Principal Component Analysis (PCA), is a dimensionality-reduction method that is often used to reduce the dimensionality of large data sets, by transforming a large set of variables into a smaller one that still contains most of the information in the large set.
PCA simplifies the complexity in high-dimensional data while retaining trends and patterns. It does this by transforming the data into fewer dimensions, which act as summaries of features. High-dimensional data are very common in biology and arise when multiple features, such as expression of many genes, are measured for each sample. This type of data presents many challenges that PCA mitigates, computational expense and an increased error rate due to multiple test correction when testing each feature for association with an outcome. PCA is an unsupervised learning method and is similar to clustering, it finds patterns without reference to prior knowledge about whether the samples come from different treatment groups or have phenotypic differences.
PCA reduces data by geometrically projecting them onto lower dimensions called principal components (PCs), with the goal of finding the best summary of the data using a limited number of PCs. The first PC is chosen to minimize the total distance between the data and their projection onto the PC. By minimizing this distance, we also maximize the variance of the projected points. The second (and subsequent) PCs are selected similarly, with the additional requirement that they be uncorrelated with all previous PCs.
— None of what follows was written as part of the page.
(* Let $\mathbb{D}$ be a virtual double category. Then $\mathbb{D}$ has decomposable multicells if and only if every multicell of $\mathbb{D}$ admits essentially unique decompositions of every shape given by a tree of height $2$ with the appropriate number of leaves.
   Context: A virtual double category (VDC) has objects, tight arrows forming a category, loose arrows $x\nrightarrow y$, and $n$-ary multicells ($n\ge0$) with a composable path of $n$ loose arrows as loose source, one loose arrow as loose target and two tight arrows as tight sides, together with identity unary multicells and an associative unital composition $\frac{\alpha_1\cdots\alpha_m}{\beta}$ pasting a compatible row of multicells onto an $m$-ary multicell (whiskering by a tight arrow when $m=0$). A tree is a rooted finite planar tree all of whose leaves are at the same distance from the root; its height is the number of layers of vertices (layer 1 contains the root). For an $m$-ary multicell $\alpha$ and a tree $T$ of height $h$ with $m$ leaves, a decomposition of $\alpha$ of shape $T$ assigns to each vertex with $k$ inputs a $k$-ary multicell, such that each layer forms a compatible row of multicells, the loose targets of layer $i+1$ are in order the loose sources of layer $i$ (interface $i$), and the iterated composite is $\alpha$. A morphism $P\to Q$ of such decompositions consists of compatible rows $\sigma_i$ ($1\le i\le h-1$) of unary multicells from interface $i$ of $P$ to interface $i$ of $Q$, with $\sigma_0,\sigma_h$ identities, such that for each layer $i$, layer $i$ of $P$ followed by $\sigma_{i-1}$ equals $\sigma_i$ followed by layer $i$ of $Q$. Two decompositions are equivalent if connected by a zigzag of morphisms. $\alpha$ admits essentially unique decompositions of shape $T$ if it has at least one and any two are equivalent. $\mathbb{D}$ has decomposable multicells if every multicell admits essentially unique decompositions of every shape of every height $\ge2$ (with the right number of leaves). *)

theory Defs
  imports Main
begin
It has been used in many other fields, including the biological, physical, and engineering sciences.
The starting point of PCA is the matrix of correlation coefficients derived from the original data set. Strictly speaking, the rationale behind the method requires that the correlations be obtained from variables measured on some continuous scale.
It is a geometrical projection analogy, used to introduce derivation of bilinear data models, focusing on scores, loadings, residuals, and data rank reduction.
Given a collection of points in two, three, or higher dimensional space, a “best fitting” line can be defined as one that minimizes the average squared distance from a point to the line. The next best-fitting line can be similarly chosen from directions perpendicular to the first. Repeating this process yields an orthogonal basis in which different individual dimensions of the data are uncorrelated. These basis vectors are called principal components, and several related procedures are principal component analysis (PCA).
PCA is either done by singular value decomposition of a design matrix or by doing the following 2 steps:
- calculating the data covariance (or correlation) matrix of the original data
- performing eigenvalue decomposition on the covariance matrix
Usually the original data is normalized before performing the PCA. The normalization of each attribute consists of mean centering – subtracting its variables measured mean from each data value so that its empirical means (average) is zero. Some fields, in addition to normalizing the mean, do so for each variable’s variance (to make it equal to 1. The results of a PCA are usually discussed in terms of component scores, sometimes called factor scores (the transformed variable values corresponding to a particular data point), and loadings (the weight by which each standardized original variable should be multiplied to get the component score).